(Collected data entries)
________________________
(* Let $k\ge2$, $n\ge1$, and $A=\{0<1<\cdots<k-1\}$. Let $G\subseteq A^{k}$ be the set of the $k!$ words of length $k$ in which each letter of $A$ occurs exactly once, and let $\Gamma_{k,n}=G^{k^{n-1}}$ (the set of concatenations of $k^{n-1}$ words of $G$, repetitions allowed). Then the set of words $BW(M)$, as $M$ ranges over all de Bruijn sets of span $n$ over $A$, is exactly $\Gamma_{k,n}$.
   Context: A word is primitive if it is not a proper power of another word; a necklace is the set of conjugates ($xy\sim yx$) of a primitive word, its length being the common length of its words. A multiset $M=\{n_{1},\dots,n_{t}\}$ of necklaces is a de Bruijn set of span $n$ over $A$ if $|n_{1}|+\cdots+|n_{t}|=k^{n}$ and every word of $A^{n}$ is a prefix of some power of some word belonging to one of the $n_{i}$. Burrows–Wheeler map: with $l$ the lcm of the lengths of the necklaces in $M$, sort lexicographically the list of all words $v^{l/|v|}$, $v$ ranging over the words of each necklace of $M$ (with multiplicity); $BW(M)$ is the word formed by the last letters of these words, in this order. *)

theory Defs
  imports Main "HOL-Library.Multiset" "HOL-Library.List_Lexorder"
begin

text \<open>Words over the alphabet A = {0 < 1 < ... < k-1} are lists of naturals with letters < k.
  Lists are ordered lexicographically (List_Lexorder).\<close>

definition word_over :: "nat \<Rightarrow> nat list \<Rightarrow> bool" where
  "word_over k w \<longleftrightarrow> set w \<subseteq> {0..<k}"

definition power_word :: "nat list \<Rightarrow> nat \<Rightarrow> nat list" where
  "power_word u m = concat (replicate m u)"

text \<open>primitive: not a proper power of another word (the empty word is a power of itself).\<close>
definition primitive :: "nat list \<Rightarrow> bool" where
  "primitive w \<longleftrightarrow> w \<noteq> [] \<and> \<not> (\<exists>u m. m \<ge> 2 \<and> w = power_word u m)"

definition conjugates :: "nat list \<Rightarrow> nat list set" where
  "conjugates w = {rotate i w | i. i < length w}"

definition is_necklace :: "nat \<Rightarrow> nat list set \<Rightarrow> bool" where
  "is_necklace k N \<longleftrightarrow> (\<exists>w. primitive w \<and> word_over k w \<and> N = conjugates w)"

definition neck_len :: "nat list set \<Rightarrow> nat" where
  "neck_len N = length (SOME w. w \<in> N)"

definition deBruijn_set :: "nat \<Rightarrow> nat \<Rightarrow> nat list set multiset \<Rightarrow> bool" where
  "deBruijn_set k n M \<longleftrightarrow>
     (\<forall>N \<in># M. is_necklace k N) \<and>
     (\<Sum>N \<in># M. neck_len N) = k ^ n \<and>
     (\<forall>u. length u = n \<and> word_over k u \<longrightarrow>
        (\<exists>N \<in># M. \<exists>v \<in> N. \<exists>m. u = take (length u) (power_word v m) \<and> length u \<le> m * length v))"

definition BW :: "nat list set multiset \<Rightarrow> nat list" where
  "BW M = (let l = Lcm (neck_len ` set_mset M);
               ws = image_mset (\<lambda>v. power_word v (l div length v)) (\<Sum>N \<in># M. mset_set N)
           in map last (sorted_list_of_multiset ws))"

definition G_set :: "nat \<Rightarrow> nat list set" where
  "G_set k = {w. length w = k \<and> (\<forall>a < k. count_list w a = 1)}"

definition Gamma :: "nat \<Rightarrow> nat \<Rightarrow> nat list set" where
  "Gamma k n = {concat ws | ws. length ws = k ^ (n - 1) \<and> (\<forall>w \<in> set ws. w \<in> G_set k)}"

end

theory Submission
  imports Defs "HOL-Combinatorics.Cycles"
begin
________________________
Working from the data above, extract solely the lines from the one containing "theory Defs" through the one containing "concat (replicate m", exactly as they appear, both included.

#### Result for this exercise
theory Defs
  imports Main "HOL-Library.Multiset" "HOL-Library.List_Lexorder"
begin

text \<open>Words over the alphabet A = {0 < 1 < ... < k-1} are lists of naturals with letters < k.
  Lists are ordered lexicographically (List_Lexorder).\<close>

definition word_over :: "nat \<Rightarrow> nat list \<Rightarrow> bool" where
  "word_over k w \<longleftrightarrow> set w \<subseteq> {0..<k}"

definition power_word :: "nat list \<Rightarrow> nat \<Rightarrow> nat list" where
  "power_word u m = concat (replicate m u)"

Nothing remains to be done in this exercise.